Полная версия
Ярость
Тара промчалась через огромные, нарочито показные ворота Анрейта в реальный мир страданий и несправедливости, где подавляемые массы рыдали и боролись, взывая о помощи, и где она ощущала себя полезной и значимой, где вместе с другими пилигримами могла идти вперед навстречу будущему, полному трудностей и перемен.
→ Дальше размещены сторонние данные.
lemma mem_transitions_group_word:
  assumes "i \<in> set (group_indices k)" "(a, b) \<in> set (transitions k (group_word k i))"
  shows "oriented a b \<and> \<bar>a\<bar> \<le> k \<and> \<bar>b\<bar> \<le> k \<and> group_label (a, b) = i"
proof -
  have "1 \<le> i" "i < k" using set_group_indices[OF assms(1)] by auto
  from assms(2) consider "(a, b) \<in> {(k, -i), (-i, -k), (-k, i), (i, k)}"
    | j where "j \<in> set (partners k i)" "(a, b) \<in> set (transitions i (block i j))"
    by (auto simp: transitions_group_word)
  then show ?thesis
  proof cases
    case 1
    with \<open>1 \<le> i\<close> \<open>i < k\<close> show ?thesis
      using oriented_square[of i k] by (auto simp: group_label_def)
  next
    case 2
    with \<open>1 \<le> i\<close> show ?thesis using mem_transitions_block by fastforce
  qed
qed

lemma distinct_transitions_group_word:
  assumes "3 \<le> k" "i \<in> set (group_indices k)"
  shows "distinct (transitions k (group_word k i))"
proof -
  have "1 \<le> i" "i < k" using set_group_indices[OF assms(2)] by auto
  let ?blocks = "concat (map (\<lambda>j. transitions i (block i j)) (partners k i))"
  have "distinct ?blocks"
    using \<open>1 \<le> i\<close> mem_transitions_block distinct_transitions_block distinct_partners
    by (intro distinct_concat_map_labelled[where label = block_label]) auto
  moreover have "block_label (a, b) < k" if "(a, b) \<in> set ?blocks" for a b
  proof -
    from that obtain j where "j \<in> set (partners k i)" "(a, b) \<in> set (transitions i (block i j))"
      by auto
    with \<open>1 \<le> i\<close> show ?thesis using mem_transitions_block set_partners by fastforce
  qed
  ultimately show ?thesis
    using \<open>1 \<le> i\<close> \<open>i < k\<close> \<open>3 \<le> k\<close>
    by (fastforce simp: transitions_group_word block_label_def)
qed

lemma mem_transitions_sos_cycle:
  assumes "(a, b) \<in> set (transitions k (sos_cycle k))"
  shows "oriented a b \<and> \<bar>a\<bar> \<le> k \<and> \<bar>b\<bar> \<le> k"
  using assms mem_transitions_group_word by (fastforce simp: transitions_sos_cycle)

lemma distinct_transitions_sos_cycle:
  assumes "3 \<le> k"
  shows "distinct (transitions k (sos_cycle k))"
  unfolding transitions_sos_cycle
  using assms distinct_group_indices distinct_transitions_group_word mem_transitions_group_word
  by (intro distinct_concat_map_labelled[where label = group_label]) auto

lemma abs_le_of_mem_sos_cycle: "x \<in> set (sos_cycle k) \<Longrightarrow> \<bar>x\<bar> \<le> k"
  using mem_transitions_sos_cycle fst_set_transitions[of k "sos_cycle k"] by fastforce

section \<open>Length and weight of the cycle\<close>

lemma sum_list_concat: "sum_list (concat xss) = sum_list (map sum_list xss)"
  by (induction xss) auto

lemma length_block: "length (block i j) = 4 + of_bool (i = 1 \<and> j = 3)"
  by (simp add: block_def)

lemma sum_list_block: "sum_list (block i j) = of_bool (i = 1 \<and> j = 3)"
  by (simp add: block_def)

lemma length_concat_blocks:
  "distinct P \<Longrightarrow> length (concat (map (block i) P)) = 4 * length P + of_bool (i = 1 \<and> 3 \<in> set P)"
  by (induction P) (auto simp: length_block)

lemma sum_list_concat_blocks:
  "distinct P \<Longrightarrow> sum_list (concat (map (block i) P)) = of_bool (i = 1 \<and> 3 \<in> set P)"
  by (induction P) (auto simp: sum_list_block)

lemma length_group_word:
  assumes "1 \<le> i" "i < k" "4 \<le> k"
  shows "int (length (group_word k i)) = 4 * (k - i) - 3 * of_bool (i = 1)"
  using assms
  by (simp add: group_word_def length_concat_blocks distinct_partners) (auto simp: partners_def)

lemma sum_list_group_word:
  assumes "4 \<le> k"
  shows "sum_list (group_word k i) = of_bool (i = 1)"
  using assms
  by (simp add: group_word_def sum_list_concat_blocks distinct_partners) (auto simp: partners_def)

lemma sum_const_minus_atLeastAtMost:
  fixes c n :: int
  shows "0 \<le> n \<Longrightarrow> 2 * (\<Sum>i\<in>{1..n}. c - i) = n * (2 * c - n - 1)"
proof (induction n rule: int_ge_induct)
  case (step n)
  have "{1..n + 1} = insert (n + 1) {1..n}" using step.hyps by auto
  with step show ?case by (simp add: algebra_simps)
qed simp

lemma sum_group_indices:
  assumes "2 \<le> k"
  shows "(\<Sum>i\<in>set (group_indices k). 4 * (k - i)) = 2 * k * (if even k then k - 2 else k - 1)"
proof -
  have "(\<Sum>i\<in>{1..k - 1}. 4 * (k - i)) = 2 * (2 * (\<Sum>i\<in>{1..k - 1}. k - i))"
    by (simp add: sum_distrib_left)
  also have "\<dots> = 2 * ((k - 1) * (2 * k - (k - 1) - 1))"
    using sum_const_minus_atLeastAtMost[of "k - 1" k] assms by simp
  finally have all: "(\<Sum>i\<in>{1..k - 1}. 4 * (k - i)) = 2 * k * (k - 1)"
    by (simp add: algebra_simps)
  show ?thesis
  proof (cases "even k")
    case True
    then obtain m where "k = 2 * m" by blast
    have "k div 2 \<in> {1..k - 1}" using True assms by auto
    with True all have "(\<Sum>i\<in>set (group_indices k). 4 * (k - i)) = 2 * k * (k - 1) - 4 * (k - k div 2)"
      by (simp add: group_indices_def sum_diff1)
    also have "\<dots> = 2 * k * (k - 2)"
      using \<open>k = 2 * m\<close> by (simp add: algebra_simps)
    finally show ?thesis using True by simp
  next
    case False
    with all show ?thesis by (simp add: group_indices_def)
  qed
qed

lemma length_sos_cycle:
  assumes "5 \<le> k"
  shows "int (length (sos_cycle k)) + 3 = 2 * k * (if even k then k - 2 else k - 1)"
proof -
  have "int (length (sos_cycle k)) = (\<Sum>i\<in>set (group_indices k). int (length (group_word k i)))"
    by (simp add: sos_cycle_def length_concat sum_list_distinct_conv_sum_set distinct_group_indices)
  also have "\<dots> = (\<Sum>i\<in>set (group_indices k). 4 * (k - i) - 3 * of_bool (i = 1))"
    using assms by (intro sum.cong) (auto simp: length_group_word dest: set_group_indices)
  also have "\<dots> = (\<Sum>i\<in>set (group_indices k). 4 * (k - i)) - 3"
    using assms one_mem_group_indices[of k] by (simp add: sum_subtractf)
  finally show ?thesis
    using assms sum_group_indices[of k] by simp
qed

lemma sum_list_sos_cycle:
  assumes "5 \<le> k"
  shows "sum_list (sos_cycle k) = 1"
proof -
  have "sum_list (sos_cycle k) = (\<Sum>i\<in>set (group_indices k). sum_list (group_word k i))"
    by (simp add: sos_cycle_def sum_list_concat sum_list_distinct_conv_sum_set distinct_group_indices)
  also have "\<dots> = (\<Sum>i\<in>set (group_indices k). of_bool (i = 1))"
    using assms by (simp add: sum_list_group_word)
  finally show ?thesis
    using assms one_mem_group_indices[of k] by simp
qed

lemma target_period_eq:
  fixes q :: nat
  assumes "11 \<le> q"
  defines "m \<equiv> (q - 1) div 2"
  shows "target_period q + 3 = 2 * m * (if even m then m - 2 else m - 1)"
proof -
  let ?c = "if even m then m - 2 else m - 1"
  have "5 \<le> m" using assms by simp
  have "q = 2 * m + 1 \<or> q = 2 * m + 2" using assms(1) unfolding m_def by presburger
  then consider "q = 2 * m + 2" "odd m" | "q = 2 * m + 1" "even m"
    | "q = 2 * m + 2" "even m" | "q = 2 * m + 1" "odd m" by blast
  then have "target_period q = 2 * m * ?c - 3"
  proof cases
    case 1
    then have "q mod 4 = 0" by presburger
    with 1 show ?thesis by (simp add: target_period_def right_diff_distrib' mult.left_commute)
  next
    case 2
    then have "q mod 4 = 1" by presburger
    with 2 show ?thesis by (simp add: target_period_def right_diff_distrib' mult.left_commute)
  next
    case 3
    then have "q mod 4 = 2" by presburger
    with 3 show ?thesis by (simp add: target_period_def right_diff_distrib' mult.left_commute)
  next
    case 4
    then have "q mod 4 = 3" by presburger
    with 4 show ?thesis by (simp add: target_period_def right_diff_distrib' mult.left_commute)
  qed
  moreover have "2 * m \<le> 2 * m * ?c" using \<open>5 \<le> m\<close> by auto
  ultimately show ?thesis using \<open>5 \<le> m\<close> by linarith
qed

theorem corollary3p25:
  fixes q :: nat
  assumes "q \<ge> 11"
  shows "\<exists>s. is_SOS q 2 (target_period q) s \<and>
             coprime (weight_q q (target_period q) s) q"
proof -
  define m where "m = (q - 1) div 2"
  define k where "k = int m"
  have "5 \<le> k" "2 * k < int q" using assms by (simp_all add: k_def m_def)
  let ?xs = "sos_cycle k"
  have xs: "?xs \<noteq> []" "hd ?xs = k" using hd_sos_cycle \<open>5 \<le> k\<close> by simp_all
  have "is_SOS q 2 (length ?xs) (residue_seq q ?xs)"
  proof (rule is_SOS_residue_seq)
    show "\<forall>x\<in>set ?xs. \<bar>x\<bar> \<le> k"
      using abs_le_of_mem_sos_cycle by blast
    show "distinct (transitions (hd ?xs) ?xs)"
      using distinct_transitions_sos_cycle \<open>5 \<le> k\<close> xs by simp
    show "(b, a) \<notin> set (transitions (hd ?xs) ?xs) \<and> (- b, - a) \<notin> set (transitions (hd ?xs) ?xs)"
      if "(a, b) \<in> set (transitions (hd ?xs) ?xs)" for a b
      using that mem_transitions_sos_cycle oriented_not_swap oriented_not_neg_swap
      unfolding xs(2) by blast
  qed fact+
  moreover have "int (length ?xs) + 3 = int (target_period q + 3)"
    unfolding length_sos_cycle[OF \<open>5 \<le> k\<close>] target_period_eq[OF assms, folded m_def]
    using \<open>5 \<le> k\<close> by (auto simp: k_def of_nat_diff)
  then have "length ?xs = target_period q" by simp
  moreover have "weight_q q (length ?xs) (residue_seq q ?xs) = 1"
    using weight_residue_seq[of q ?xs] sum_list_sos_cycle[OF \<open>5 \<le> k\<close>] assms
    by (simp add: weight_q_def)
  ultimately show ?thesis by (metis coprime_1_left)
qed

end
Дом Бродхерстов находился в пригороде Пайнлендс, где обитал средний класс; это был современный дом в стиле ранчо, с плоской крышей и большими панорамными окнами, с простой мебелью массового производства и нейлоновыми коврами от стены до стены. На стулья налипла собачья шерсть, потрепанные интеллектуальные книги громоздились стопками в углах или валялись открытыми на обеденном столе, в коридорах под ноги попадались детские игрушки, на стенах криво висели дешевые репродукции картин Пикассо и Модильяни, а на самих стенах виднелись отпечатки грязных детских пальчиков. Здесь Тара чувствовала себя уютно и легко, к счастью избавленная от утонченного великолепия Вельтевредена.
Молли Бродхерст бросилась ей навстречу, как только Тара припарковала «паккард». Она была одета в удивительно яркий кафтан.
– Ты опоздала!
Она сердечно поцеловала Тару и потащила через беспорядок гостиной в музыкальную комнату в глубине дома.
Музыкальная комната была пристроена к задней части дома по запоздалым соображениям, никто и не подумал об эстетической стороне такого архитектурного добавления, а теперь помещение было заполнено гостями Молли, приглашенными для того, чтобы послушать Мозеса Гаму. Тара воспрянула духом, оглядевшись; здесь были только энергичные творческие люди, одухотворенные и умеющие выражать свои мысли, наполненные азартом жизни и обостренным чувством справедливости, гнева и бунтарства.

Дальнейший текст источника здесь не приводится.